### [YOUR ASSIGNMENT]
Could you set down exactly the lines of the data below, starting at the one that holds "k = astar k)" and ending at the one that holds "(UNIV :: 'i set)) *", both included, and only those?

### [RECORDS SHOWN]
____________

lemma Y_trace_cong: "(\<Sum>i\<in>{1..d}. Y i i) \<doteq> 0"
proof -
  have "(\<Sum>i\<in>Out. Y i i) = (\<Sum>i\<in>Out. - (Const half * BJB (flip i) i))"
    by (rule sum.cong) (auto simp: Y_Out_Out)
  also have "\<dots> = - (Const half * (\<Sum>i\<in>Out. \<Sum>t\<in>Mid. Xmat t (flip i) * Xmat (flip t) i))"
    by (simp add: BJB_def sum_distrib_left sum_negf)
  also have "\<dots> = - (Const half * (2 * trA))" by (simp only: antidiag_BJB_sum)
  also have "\<dots> = - trA" by (simp only: half_double)
  finally have zc: "(\<Sum>i\<in>Out. Y i i) = - trA" .
  have "(\<Sum>i\<in>{1..d}. Y i i) = 0" unfolding sum_Mid_Out_split by (simp add: zc Y_Mid_trace)
  then show ?thesis by simp
qed

lemma Y_Mid_trace_cong: "((\<Sum>s\<in>Mid. Y s s) + 2 * Const \<pi>) \<doteq> 0"
proof -
  have "trA + 2 * Const \<pi> \<doteq> (- (2 * Const \<pi>)) + 2 * Const \<pi>"
    by (intro cong_mod_add trace_cong cong_mod_refl)
  then show ?thesis by (simp add: Y_Mid_trace)
qed

lemma Y_AJ_symmetric_cong: assumes "s \<in> Mid" "t \<in> Mid" shows "Y s (flip t) \<doteq> Y t (flip s)"
proof -
  have "Y s (flip t) = (\<Sum>k\<in>Up. Xmat s k * Xmat t (flip k))"
    using assms flip_Mid by (simp add: Y_def Ymid_def A_of_B_def)
  also have "\<dots> \<doteq> (\<Sum>k\<in>Up. Xmat t k * Xmat s (flip k))"
  proof (rule cong_mod_sum)
    fix k assume k: "k \<in> Up"
    show "Xmat s k * Xmat t (flip k) \<doteq> Xmat t k * Xmat s (flip k)"
      using minor_cong[of s t k "flip k"] assms k Up_Out flip_Up Low_Out by (simp add: ac_simps)
  qed
  also have "\<dots> = Y t (flip s)"
    using assms flip_Mid by (simp add: Y_def Ymid_def A_of_B_def)
  finally show ?thesis .
qed
lemma stable_commit_type:
  fixes \<pi> :: "'i::finite \<Rightarrow> ('i \<Rightarrow> 'a) \<Rightarrow> real"
  assumes fin: "\<And>i. finite (Act i)" and astar: "astar \<in> profiles Act"
    and aSNE: "aggregate_strong_NE Act \<pi> (pure astar)"
  shows "stable Act \<pi> (point_mass_pop (commit_type Act astar)) (\<lambda>_. pure astar)"
proof -
  let ?th = "commit_type Act astar"
  obtain c where c: "0 < c"
    and gain: "\<forall>L a. a \<in> profiles Act \<longrightarrow> a \<noteq> astar \<longrightarrow> (\<forall>k. k \<notin> L \<longrightarrow> a k = astar k)
           \<longrightarrow> c \<le> (\<Sum>i\<in>L. \<pi> i astar - \<pi> i a)"
    using aggregate_strong_NE_uniform_gain[OF fin astar aSNE] by blast
  obtain M where M: "0 \<le> M" and loss: "\<forall>i a. a \<in> profiles Act \<longrightarrow> \<pi> i astar - \<pi> i a \<le> M"
    using exists_loss_bound[of Act, OF fin] by blast
  obtain ebar where ebar: "0 < ebar" "ebar \<le> 1/2"
    and small_UNIV: "2 * real (card (UNIV :: 'i set)) * M * ebar \<le> c"
    using exists_small_share[OF c M, of "real (card (UNIV :: 'i set))"] by auto
  have small: "2 * real (card J) * M * ebar \<le> c" for J :: "'i set"
    using small_UNIV card_mono[of UNIV J] M ebar(1)
    by (smt (verit) finite_UNIV mult_right_mono of_nat_mono subset_UNIV)
  show ?thesis unfolding stable_def
  proof (intro conjI allI impI exI[of _ ebar])
    fix J tm eps b'
    assume "J \<noteq> {} \<and> (\<forall>j\<in>J. tm j \<in> Types Act - supp (point_mass_pop ?th j))"
    hence tm: "\<And>j. j \<in> J \<Longrightarrow> tm j \<noteq> ?th j" by (auto simp: supp_point_mass_pop)
    assume eps: "\<forall>j\<in>J. 0 < eps j \<and> eps j < ebar"
      and b': "B1 Act (post_entry (point_mass_pop ?th) J tm eps) b'
               \<and> (\<forall>\<theta>\<in>suppP (point_mass_pop ?th). b' \<theta> = pure astar)"
    have eps1: "\<And>j. j \<in> J \<Longrightarrow> 0 < eps j \<and> eps j < 1" using eps ebar by fastforce
    let ?\<mu> = "post_entry (point_mass_pop ?th) J tm eps"
    have "0 \<le> (\<Sum>j\<in>J. eps j * (fitness Act \<pi> ?\<mu> b' j (?th j) - fitness Act \<pi> ?\<mu> b' j (tm j)))"
      by (rule commit_type_post_entry_weighted_gap_nonneg[where Act = Act and astar = astar
            and c = c and M = M and ebar = ebar, OF fin astar])
         (use gain loss M ebar(2) small eps tm b' in auto)
    thus "(\<exists>j\<in>J. \<forall>t\<in>supp (point_mass_pop ?th j). fitness Act \<pi> ?\<mu> b' j (tm j) < fitness Act \<pi> ?\<mu> b' j t)
          \<or> balanced Act \<pi> ?\<mu> b'"
      using tm eps1 by (rule mutant_loses_or_balanced)
  qed (use ebar balanced_point_mass_pop in auto)
qed
(* If an nfc-transducer $\mathcal{T}=(Q,V,\Delta,q_0)$ is consistent with a BPA system $\mathcal{G}=(V,\mathit{Act},\mathcal{R})$, then $\alpha\approx_{q_0}\mathcal{T}_{q_0}(\alpha)$ for every $\alpha\in V^*$.
   Context: A BPA system $\mathcal{G}=(V,\mathit{Act},\mathcal{R})$: finite variables $V$, finite actions $\mathit{Act}$ (possibly containing silent $\tau$), rules $A\xrightarrow{a}\alpha$; LTS $\mathcal{L}_\mathcal{G}$ on $V^*$ with $A\beta\xrightarrow{a}\alpha\beta$ for rules $A\xrightarrow{a}\alpha$. Transducer $\mathcal{T}=(Q,V,\Delta,q_0)$ reading right to left, $q'\xleftarrow{A/\gamma}q$ meaning $\Delta(q,A)=(q',\gamma)$, extended to strings by $q\xleftarrow{\varepsilon/\varepsilon}q$ and composition; $\mathcal{T}_q(\alpha)$ is the output from $q$ on $\alpha$. $q$-normal form: $\varepsilon$ or $A_k\cdots A_1$ with $q_k\xleftarrow{A_k/A_k}\cdots q_1\xleftarrow{A_1/A_1}q$. nfc-transducer: each $\mathcal{T}_q(A)$ is a $q$-normal form and $q'\xleftarrow{A/\gamma}q$ implies $q'\xleftarrow{\gamma/\gamma}q$. Long moves $\alpha\overset{a}{\Rightarrow}_q\beta$: either $a=\tau$ and $\beta=\mathcal{T}_q(\alpha)$, or $\alpha=\alpha_0\xrightarrow{\tau}\cdots\xrightarrow{\tau}\alpha_k\xrightarrow{a}\beta'$ in $\mathcal{L}_\mathcal{G}$ with $\mathcal{T}_q(\alpha_0)=\cdots=\mathcal{T}_q(\alpha_k)$, $\mathcal{T}_q(\beta')=\beta$. $\alpha_1\approx_q\alpha_2$ iff they have the same sets of long-move results for each action. Consistency: (1) $A\approx_{q_0}\varepsilon$ if $\mathcal{T}_{q_0}(A)=\varepsilon$; (2) $A\approx_q\mathcal{T}_q(A)$ if $\mathcal{T}_q(A)\ne\varepsilon$; (3) $AC\approx_qC$ if $\mathcal{T}_q(AC)=\mathcal{T}_q(C)=C$. *)

theory Defs
  imports Main
begin

text \<open>Variables are the elements of a finite type 'v; actions live in
  a type 'a, the action set Act is an explicit finite set, and tau is the silent action
  (which may or may not belong to Act). A rule (A, a, alpha) stands for A -a-> alpha.
  Words in V* are lists, leftmost symbol first.\<close>

type_synonym ('v, 'a) rule = "'v \<times> 'a \<times> 'v list"

definition bpa :: "'a set \<Rightarrow> ('v::finite, 'a) rule set \<Rightarrow> bool" where
  "bpa Act R \<longleftrightarrow> finite Act \<and> finite R \<and> (\<forall>(A, a, \<alpha>) \<in> R. a \<in> Act)"

definition lts_step :: "('v, 'a) rule set \<Rightarrow> 'v list \<Rightarrow> 'a \<Rightarrow> 'v list \<Rightarrow> bool" where
  "lts_step R \<alpha> a \<beta> \<longleftrightarrow> (\<exists>A \<gamma> \<delta>. \<alpha> = A # \<delta> \<and> (A, a, \<gamma>) \<in> R \<and> \<beta> = \<gamma> @ \<delta>)"

text \<open>Transducers (Q, V, Delta, q0) with Q the finite type 'q; Delta q A = (q', gamma)
  means q' <-A/gamma- q. Words are read right to left. trun Delta q alpha = (q', gamma)
  means q' <-alpha/gamma- q.\<close>
type_synonym ('q, 'v) trans = "'q \<Rightarrow> 'v \<Rightarrow> 'q \<times> 'v list"

fun trun :: "('q, 'v) trans \<Rightarrow> 'q \<Rightarrow> 'v list \<Rightarrow> 'q \<times> 'v list" where
  "trun \<Delta> q [] = (q, [])"
| "trun \<Delta> q (A # \<alpha>) =
     (let (q1, \<gamma>1) = trun \<Delta> q \<alpha>; (q2, \<gamma>2) = \<Delta> q1 A in (q2, \<gamma>2 @ \<gamma>1))"

definition tout :: "('q, 'v) trans \<Rightarrow> 'q \<Rightarrow> 'v list \<Rightarrow> 'v list" where
  "tout \<Delta> q \<alpha> = snd (trun \<Delta> q \<alpha>)"

text \<open>q-normal form: epsilon or A_k ... A_1 with q_k <-A_k/A_k- ... q_1 <-A_1/A_1- q.
  nf_rev checks this on the reversed word A_1 ... A_k.\<close>
fun nf_rev :: "('q, 'v) trans \<Rightarrow> 'q \<Rightarrow> 'v list \<Rightarrow> bool" where
  "nf_rev \<Delta> q [] = True"
| "nf_rev \<Delta> q (A # rs) = (snd (\<Delta> q A) = [A] \<and> nf_rev \<Delta> (fst (\<Delta> q A)) rs)"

____________

### [RESULT OF THE EXERCISE]
    and gain: "\<forall>L a. a \<in> profiles Act \<longrightarrow> a \<noteq> astar \<longrightarrow> (\<forall>k. k \<notin> L \<longrightarrow> a k = astar k)
           \<longrightarrow> c \<le> (\<Sum>i\<in>L. \<pi> i astar - \<pi> i a)"
    using aggregate_strong_NE_uniform_gain[OF fin astar aSNE] by blast
  obtain M where M: "0 \<le> M" and loss: "\<forall>i a. a \<in> profiles Act \<longrightarrow> \<pi> i astar - \<pi> i a \<le> M"
    using exists_loss_bound[of Act, OF fin] by blast
  obtain ebar where ebar: "0 < ebar" "ebar \<le> 1/2"
    and small_UNIV: "2 * real (card (UNIV :: 'i set)) * M * ebar \<le> c"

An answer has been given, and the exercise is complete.